[WORK TASK]
Scan the listing below. Return every line containing the string "shows".

[INPUT]
══════════

(* Let $a=(a_1,\dots,a_m)$ and $a'$ be two compositions such that the multisets $M(a)=\{a_1,\dots,a_m\}$ and $M(a')$ are equal (i.e. $a'$ is a rearrangement of $a$). Then for every $n\ge 0$, the number of compositions of size $n$ that dominate $a$ equals the number of compositions of size $n$ that dominate $a'$.
   Context: A composition is a finite sequence of positive integers; its size is the sum of its components and its length is the number of components. A composition $b=(b_1,\dots,b_k)$ dominates $a=(a_1,\dots,a_m)$ if there are indices $1\le i(1)<i(2)<\dots<i(m)\le k$ with $a_j\le b_{i(j)}$ for every $j\in[m]$. *)

theory Defs
  imports "HOL-Library.Multiset"
begin

definition is_composition :: "nat list \<Rightarrow> bool" where
  "is_composition c \<longleftrightarrow> (\<forall>x\<in>set c. 0 < x)"

definition comp_size :: "nat list \<Rightarrow> nat" where
  "comp_size c = sum_list c"

definition dominates :: "nat list \<Rightarrow> nat list \<Rightarrow> bool" where
  "dominates b a \<longleftrightarrow>
     (\<exists>i :: nat \<Rightarrow> nat. strict_mono_on {..<length a} i \<and>
        (\<forall>j<length a. i j < length b \<and> a ! j \<le> b ! (i j)))"

definition dominating_compositions :: "nat \<Rightarrow> nat list \<Rightarrow> nat list set" where
  "dominating_compositions n a =
     {b. is_composition b \<and> comp_size b = n \<and> dominates b a}"

end

theory Submission
  imports Defs "HOL-Library.Sublist"
begin

text \<open>Domination is the subsequence embedding \<open>list_emb (\<le>)\<close>. Embedding greedily, \<open>b\<close>
  dominates \<open>x # r\<close> iff \<open>b\<close> splits, uniquely, as \<open>e @ s\<close> where \<open>e\<close> is the shortest prefix of
  \<open>b\<close> ending in an entry \<open>\<ge> x\<close> and \<open>s\<close> dominates \<open>r\<close>. So the number of compositions of
  size \<open>n\<close> dominating \<open>x # y # r\<close> is a sum over pairs of such prefixes \<open>(e, f)\<close> of a term
  depending only on their sizes, and swapping the pair matches the sums for \<open>x # y # r\<close> and
  \<open>y # x # r\<close>. As the counts for \<open>x # r\<close> are determined by those for \<open>r\<close>, every adjacent
  transposition, hence every rearrangement, preserves the counts.\<close>

lemma list_emb_imp_dominates: "list_emb (\<le>) a b \<Longrightarrow> dominates b a"
proof (induction rule: list_emb.induct)
  case (list_emb_Nil b)
  show ?case by (simp add: dominates_def strict_mono_on_def)
next
  case (list_emb_Cons a b y)
  then obtain i where "strict_mono_on {..<length a} i"
    and "\<forall>j<length a. i j < length b \<and> a ! j \<le> b ! i j"
    by (auto simp: dominates_def)
  then show ?case
    unfolding dominates_def
    by (intro exI[of _ "Suc \<circ> i"]) (auto simp: strict_mono_on_def)
next
  case (list_emb_Cons2 x y a b)
  then obtain i where "strict_mono_on {..<length a} i"
    and "\<forall>j<length a. i j < length b \<and> a ! j \<le> b ! i j"
    by (auto simp: dominates_def)
  with \<open>x \<le> y\<close> show ?case
    unfolding dominates_def
    by (intro exI[of _ "\<lambda>j. case j of 0 \<Rightarrow> 0 | Suc j \<Rightarrow> Suc (i j)"])
      (auto simp: strict_mono_on_def nth_Cons split: nat.split)
qed

lemma dominates_imp_list_emb: "dominates b a \<Longrightarrow> list_emb (\<le>) a b"
proof (induction a arbitrary: b)
  case Nil
  show ?case by simp
next
  case (Cons x a)
  then obtain i where mono: "strict_mono_on {..<Suc (length a)} i"
    and dom: "\<forall>j<Suc (length a). i j < length b \<and> (x # a) ! j \<le> b ! i j"
    by (auto simp: dominates_def)
  define k where "k = i 0"
  have "k < length b" and "x \<le> b ! k"
    using dom by (auto simp: k_def)
  have after_k: "k < i (Suc j)" if "j < length a" for j
    using mono that by (auto simp: k_def strict_mono_on_def)
  have "dominates (drop (Suc k) b) a"
    unfolding dominates_def
  proof (intro exI conjI allI impI)
    show "strict_mono_on {..<length a} (\<lambda>j. i (Suc j) - Suc k)"
    proof (rule strict_mono_onI)
      fix r s assume "r \<in> {..<length a}" "s \<in> {..<length a}" "r < s"
      then have "i (Suc r) < i (Suc s)" and "k < i (Suc r)"
        using mono after_k by (auto simp: strict_mono_on_def)
      then show "i (Suc r) - Suc k < i (Suc s) - Suc k"
        by simp
    qed
  next
    fix j assume "j < length a"
    then show "i (Suc j) - Suc k < length (drop (Suc k) b)"
      and "a ! j \<le> drop (Suc k) b ! (i (Suc j) - Suc k)"
      using dom after_k[of j] by auto
  qed
  then have "list_emb (\<le>) (x # a) (b ! k # drop (Suc k) b)"
    using Cons.IH \<open>x \<le> b ! k\<close> by simp
  then have "list_emb (\<le>) (x # a) (take k b @ b ! k # drop (Suc k) b)"
    by blast
  then show ?case
    using \<open>k < length b\<close> by (simp add: id_take_nth_drop[symmetric])
qed

definition leftmost_block :: "'a::linorder \<Rightarrow> 'a list \<Rightarrow> bool" where
  "leftmost_block x e \<longleftrightarrow> e \<noteq> [] \<and> x \<le> last e \<and> (\<forall>z\<in>set (butlast e). z < x)"

lemma leftmost_block_append_unique:
  assumes "leftmost_block x e" "leftmost_block x e'" "e @ s = e' @ t"
  shows "e = e'"
proof -
  have no_proper_prefix: "us = []"
    if "leftmost_block x (f @ us)" "leftmost_block x f" for f us
  proof (rule ccontr)
    assume "us \<noteq> []"
    then have "last f \<in> set (butlast (f @ us))"
      using \<open>leftmost_block x f\<close> by (simp add: leftmost_block_def butlast_append)
    then show False
      using that by (auto simp: leftmost_block_def)
  qed
  from \<open>e @ s = e' @ t\<close> obtain us where "e = e' @ us \<or> e @ us = e'"
    by (auto simp: append_eq_append_conv2)
  then show ?thesis
    using no_proper_prefix assms(1,2) by auto
qed

lemma list_emb_Cons_iff_leftmost_block:
  "list_emb (\<le>) (x # r) b \<longleftrightarrow> (\<exists>e s. b = e @ s \<and> leftmost_block x e \<and> list_emb (\<le>) r s)"
proof
  show "list_emb (\<le>) (x # r) b \<Longrightarrow> \<exists>e s. b = e @ s \<and> leftmost_block x e \<and> list_emb (\<le>) r s"
  proof (induction b)
    case Nil
    then show ?case by simp
  next
    case (Cons c b)
    show ?case
    proof (cases "x \<le> c")
      case True
      with Cons.prems show ?thesis
        by (intro exI[of _ "[c]"] exI[of _ b]) (simp add: leftmost_block_def)
    next
      case False
      with Cons obtain e s where "b = e @ s" "leftmost_block x e" "list_emb (\<le>) r s"
        by auto
      with False show ?thesis
        by (intro exI[of _ "c # e"] exI[of _ s]) (auto simp: leftmost_block_def)
    qed
  qed
next
  assume "\<exists>e s. b = e @ s \<and> leftmost_block x e \<and> list_emb (\<le>) r s"
  then obtain e s where "b = e @ s" "leftmost_block x e" "list_emb (\<le>) r s"
    by blast
  then have "b = butlast e @ last e # s" and "list_emb (\<le>) (x # r) (last e # s)"
    by (auto simp: leftmost_block_def)
  then show "list_emb (\<le>) (x # r) b"
    by blast
qed

lemma dominating_compositions_conv_list_emb:
  "dominating_compositions n a = {b. is_composition b \<and> sum_list b = n \<and> list_emb (\<le>) a b}"
  by (auto simp: dominating_compositions_def comp_size_def
      intro: list_emb_imp_dominates dominates_imp_list_emb)

lemma is_composition_append [simp]:
  "is_composition (e @ s) \<longleftrightarrow> is_composition e \<and> is_composition s"
  by (auto simp: is_composition_def)

lemma finite_compositions_sum_le: "finite {e. is_composition e \<and> sum_list e \<le> n}"
proof (rule finite_subset)
  have "length e \<le> sum_list e" if "is_composition e" for e :: "nat list"
    using that by (induction e) (auto simp: is_composition_def)
  then show "{e. is_composition e \<and> sum_list e \<le> n} \<subseteq> {e. set e \<subseteq> {..n} \<and> length e \<le> n}"
    by (fastforce dest: member_le_sum_list)
  show "finite {e. set e \<subseteq> {..n} \<and> length e \<le> n}"
    by (rule finite_lists_length_le) simp
qed

definition leftmost_blocks :: "nat \<Rightarrow> nat \<Rightarrow> nat list set" where
  "leftmost_blocks n x = {e. leftmost_block x e \<and> is_composition e \<and> sum_list e \<le> n}"

lemma finite_leftmost_blocks [simp]: "finite (leftmost_blocks n x)"
  by (rule finite_subset[OF _ finite_compositions_sum_le]) (auto simp: leftmost_blocks_def)

lemma finite_dominating_compositions [simp]: "finite (dominating_compositions n a)"
  by (rule finite_subset[OF _ finite_compositions_sum_le[of n]])
    (auto simp: dominating_compositions_def comp_size_def)

lemma dominating_compositions_Cons:
  "dominating_compositions n (x # r) =
     (\<lambda>(e, s). e @ s) ` (SIGMA e:leftmost_blocks n x. dominating_compositions (n - sum_list e) r)"
  unfolding dominating_compositions_conv_list_emb list_emb_Cons_iff_leftmost_block
  by (auto simp: leftmost_blocks_def)

lemma card_dominating_compositions_Cons:
  "card (dominating_compositions n (x # r)) =
     (\<Sum>e\<in>leftmost_blocks n x. card (dominating_compositions (n - sum_list e) r))"
proof -
  have "inj_on (\<lambda>(e, s). e @ s)
      (SIGMA e:leftmost_blocks n x. dominating_compositions (n - sum_list e) r)"
    by (auto simp: inj_on_def leftmost_blocks_def dest: leftmost_block_append_unique)
  then show ?thesis
    by (simp add: dominating_compositions_Cons card_image card_SigmaI)
qed

lemma card_dominating_compositions_swap:
  "card (dominating_compositions n (x # y # r)) = card (dominating_compositions n (y # x # r))"
proof -
  define block_pairs where
    "block_pairs x y = (SIGMA e:leftmost_blocks n x. leftmost_blocks (n - sum_list e) y)" for x y
  have card_eq: "card (dominating_compositions n (x # y # r)) =
      (\<Sum>(e, f)\<in>block_pairs x y. card (dominating_compositions (n - sum_list e - sum_list f) r))"
    for x y
    by (simp add: card_dominating_compositions_Cons block_pairs_def sum.Sigma)
  have "bij_betw prod.swap (block_pairs x y) (block_pairs y x)"
    by (rule bij_betw_byWitness[of _ prod.swap]) (auto simp: block_pairs_def leftmost_blocks_def)
  from sum.reindex_bij_betw[OF this,
      of "\<lambda>(e, f). card (dominating_compositions (n - sum_list e - sum_list f) r)"]
  show ?thesis
    unfolding card_eq by (simp add: case_prod_beta diff_diff_left add.commute)
qed

lemma card_dominating_compositions_Cons_cong:
  assumes "\<And>m. card (dominating_compositions m a) = card (dominating_compositions m a')"
  shows "card (dominating_compositions n (x # a)) = card (dominating_compositions n (x # a'))"
  using assms by (simp add: card_dominating_compositions_Cons)

lemma card_dominating_compositions_move:
  "card (dominating_compositions n (z # p @ q)) = card (dominating_compositions n (p @ z # q))"
proof (induction p arbitrary: n)
  case Nil
  show ?case by simp
next
  case (Cons w p)
  have "card (dominating_compositions n (z # w # p @ q)) =
      card (dominating_compositions n (w # z # p @ q))"
    by (rule card_dominating_compositions_swap)
  also have "\<dots> = card (dominating_compositions n (w # p @ z # q))"
    using Cons.IH by (rule card_dominating_compositions_Cons_cong)
  finally show ?case by simp
qed

lemma card_dominating_compositions_mset_eq:
  "mset a = mset a' \<Longrightarrow> card (dominating_compositions n a) = card (dominating_compositions n a')"
proof (induction a arbitrary: a' n)
  case Nil
  then show ?case by simp
next
  case (Cons z r)
  then have "z \<in> set a'"
    by (metis list.set_intros(1) set_mset_mset)
  then obtain p q where a': "a' = p @ z # q"
    by (meson split_list)
  with Cons.prems have "mset r = mset (p @ q)"
    by simp
  then have "card (dominating_compositions n (z # r)) = card (dominating_compositions n (z # p @ q))"
    by (intro card_dominating_compositions_Cons_cong Cons.IH)
  also have "\<dots> = card (dominating_compositions n a')"
    unfolding a' by (rule card_dominating_compositions_move)
  finally show ?case .
qed

theorem lemma2p3:
  fixes a a' :: "nat list" and n :: nat
  assumes "is_composition a" and "is_composition a'"
    and "mset a = mset a'"
  shows "card (dominating_compositions n a) = card (dominating_compositions n a')"
  using assms(3) by (rule card_dominating_compositions_mset_eq)

end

══════════

[RESULT OF THIS EXERCISE]
  shows "e = e'"
  shows "card (dominating_compositions n (x # a)) = card (dominating_compositions n (x # a'))"
  shows "card (dominating_compositions n a) = card (dominating_compositions n a')"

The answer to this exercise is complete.